The odd thing is, I don’t feel despair, nor do I feel numb, I just feel present and accepting. I grab my cup of coffee, sit down and say, “oh, this is where we are? Yuck.” When I think there is nothing left to be removed from my life, the next piece is revealed and removed and now I just pick up the piece that needs to go and hand it over. In hindsight, this dissolution began in 2018, then had a tremendous peak last year and just as I was thinking I was about to summit, a whole deeper round of dissolution comes up. Now I am being asked to give up all pillars of my Golden Era and love 2.0 which may be part of the identity that I was trying to stand up and is now dissolving as well. I guess it can go too.
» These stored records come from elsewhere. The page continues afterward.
text \<open>Input encoding of [q; w_1,...,w_n]: nat cell 0 holds n, real cell 0 holds q,
real cell i holds w_i for 1 \<le> i \<le> n; all other cells are 0.\<close>
definition init_state :: "nat \<Rightarrow> real \<Rightarrow> (nat \<Rightarrow> real) \<Rightarrow> state" where
  "init_state n q w = ((\<lambda>i. if i = 0 then n else 0),
                       (\<lambda>i. if i = 0 then q else if i \<le> n then w i else 0))"

text \<open>Output decoding: nat cell i (1 \<le> i \<le> n) holds a label of player i;
players with equal labels form one coalition.\<close>
definition output_cs :: "nat \<Rightarrow> state \<Rightarrow> nat set set" where
  "output_cs n s = (\<lambda>l. {i\<in>{1..n}. fst s i = l}) ` (fst s ` {1..n})"

end

theory Submission imports Defs begin

(* The algorithm is the greedy "bag filling" heuristic: scan the
   players 1..n in order, putting each into the currently open bag; as soon as
   the open bag reaches the quota it is closed and a new bag is opened.
   Every closed bag is a winning coalition.  For the analysis, truncate each
   weight at q: a winning coalition C satisfies q <= sum_{j in C} min(w j, q),
   so every coalition structure has welfare at most W / q, where
   W = sum_{j=1..n} min(w j, q).  Each greedy step adds min(w i, q) <= q to W
   while either keeping the open bag below q or closing a bag, which gives the
   invariant W <= 2 q g + a (g closed bags, a < q the open bag's weight).
   Hence optimum <= 2 g <= 2 * (greedy welfare). *)

section \<open>An upper bound on the social welfare\<close>

lemma value_times_quota_le:
  assumes q: "q > 0" and wp: "\<forall>j\<in>C. w j > 0" and fin: "finite C"
  shows "real (wvg_value q w C) * q \<le> (\<Sum>j\<in>C. min (w j) q)"
proof (cases "(\<Sum>j\<in>C. w j) \<ge> q")
  case winning: True
  show ?thesis
  proof (cases "\<exists>j\<in>C. w j \<ge> q")
    case True
    then obtain j where j: "j \<in> C" "w j \<ge> q" by blast
    have "q = min (w j) q" using j by simp
    also have "\<dots> \<le> (\<Sum>j\<in>C. min (w j) q)"
      using fin j wp q by (intro member_le_sum) auto
    finally show ?thesis using winning by (simp add: wvg_value_def)
  next
    case False
    then have "(\<Sum>j\<in>C. min (w j) q) = (\<Sum>j\<in>C. w j)" by (intro sum.cong) auto
    then show ?thesis using winning by (simp add: wvg_value_def)
  qed
next
  case False
  have "0 \<le> (\<Sum>j\<in>C. min (w j) q)" using wp q by (intro sum_nonneg) auto
  then show ?thesis using False by (simp add: wvg_value_def)
qed

lemma welfare_times_quota_le:
  assumes q: "q > 0" and wp: "\<forall>j\<in>{1..n}. w j > 0" and cs: "coalition_structure n \<pi>"
  shows "real (social_welfare q w \<pi>) * q \<le> (\<Sum>j\<in>{1..n}. min (w j) q)"
proof -
  have P: "partition_on {1..n} \<pi>" using cs by (simp add: coalition_structure_def)
  have sub: "C \<subseteq> {1..n}" if "C \<in> \<pi>" for C using P that by (auto simp: partition_on_def)
  have fin_blocks: "\<forall>C\<in>\<pi>. finite C" using sub finite_subset by blast
  have disj: "\<forall>A\<in>\<pi>. \<forall>B\<in>\<pi>. A \<noteq> B \<longrightarrow> A \<inter> B = {}"
    using P unfolding partition_on_def disjoint_def by blast
  have "real (social_welfare q w \<pi>) * q = (\<Sum>C\<in>\<pi>. real (wvg_value q w C) * q)"
    by (simp add: social_welfare_def sum_distrib_right)
  also have "\<dots> \<le> (\<Sum>C\<in>\<pi>. \<Sum>j\<in>C. min (w j) q)"
    using sub wp fin_blocks by (intro sum_mono value_times_quota_le[OF q]) auto
  also have "\<dots> = (\<Sum>j\<in>\<Union>\<pi>. min (w j) q)"
    using sum.Union_disjoint[OF fin_blocks disj, of "\<lambda>j. min (w j) q"] by (simp add: comp_def)
  also have "\<Union>\<pi> = {1..n}" using P by (simp add: partition_on_def)
  finally show ?thesis .
qed

section \<open>The greedy invariant\<close>

text \<open>State of the greedy scan after players 1..i-1 received labels L:
  all labels are at most g, the closed bags 0..g-1 are winning, the open bag g
  has weight a with 0 <= a < q, and the truncated weight seen so far is at
  most 2 q g + a.\<close>
definition greedy_inv ::
    "nat \<Rightarrow> real \<Rightarrow> (nat \<Rightarrow> real) \<Rightarrow> (nat \<Rightarrow> nat) \<Rightarrow> nat \<Rightarrow> nat \<Rightarrow> real \<Rightarrow> bool" where
  "greedy_inv n q w L i g a \<longleftrightarrow> 1 \<le> i \<and> i \<le> n+1 \<and> (\<forall>j\<in>{1..<i}. L j \<le> g) \<and>
     (\<forall>l<g. q \<le> (\<Sum>j\<in>{j\<in>{1..<i}. L j = l}. w j)) \<and>
     (\<Sum>j\<in>{j\<in>{1..<i}. L j = g}. w j) = a \<and>
     0 \<le> a \<and> a < q \<and> (\<Sum>j\<in>{1..<i}. min (w j) q) \<le> 2*q*g + a"
lemma
  fixes P :: "complex^'n^'n"
  assumes P: "invertible P"
  shows lv_E_succ: "lv_E P (n + 1) t = P ** lv_E P n t"
    and lv_E_pred: "lv_E P (n - 1) t = matrix_inv P ** lv_E P n t"
  unfolding lv_E_def mat_ipow_succ [OF P] mat_ipow_pred [OF P] by (simp_all add: matrix_mul_assoc)

lemma lv_E_commute:
  fixes P :: "complex^'n^'n"
  assumes P: "invertible P"
  shows "lv_E P n t ** P = P ** lv_E P n t"
proof -
  let ?K = "t *\<^sub>R (matrix_inv P - P)"
  have "P ** ?K = ?K ** P"
    using P by (simp add: matrix_scalar_ac scalar_matrix_assoc [symmetric] matrix_diff_ldistrib
        matrix_diff_rdistrib matrix_inv_left matrix_inv_right scaleR_diff_right)
  then have "mat_exp ?K ** P = P ** mat_exp ?K"
    by (simp add: mat_exp_commute)
  moreover have "mat_ipow P n ** P = P ** mat_ipow P n"
    using P by (intro mat_ipow_commute) (simp_all add: matrix_inv_left matrix_inv_right)
  ultimately show ?thesis
    unfolding lv_E_def by (metis matrix_mul_assoc)
qed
I find myself curious about this process. I don’t like it, in fact, it is awful some if not most days. I think dying would be easier and some days I wish my soul would take me but I am curious about the end game. “Where do I end up? What is left of me when this current version is gone? Do I cease to exist? Is there a plan? WAS this the plan? Will life ever meet me? Is there anything for me? Do I even care if I cease to exist?” Those are questions from a dying identity, and they used to shake me to the core but now, my tired self just watches. There is something else here, a version of me that is present. I feel steady, I feel aware, and accepting in a way that says, “take it all, I will not fight what was already in the process of dissolving.” Holding on too tight and trying too hard was causing me to suffer deeply. This turn of events, the letting go, feels like rest. That might make me very enlightened or very dumb, time will tell. What I know is, I will keep writing these stories as my own record of this time through this non-linear labyrinth of discovery of “Self.”
I don’t have the answers, I can’t tell you the 10 steps to individuation or identity dissolution, but I can offer honesty, rawness and authenticity to illuminate an experience that doesn’t get air time. I seriously hope there isn’t a third awakening hiding around some corner in the future and just in case this is all that is here for me, then at least I can say, “I was here.”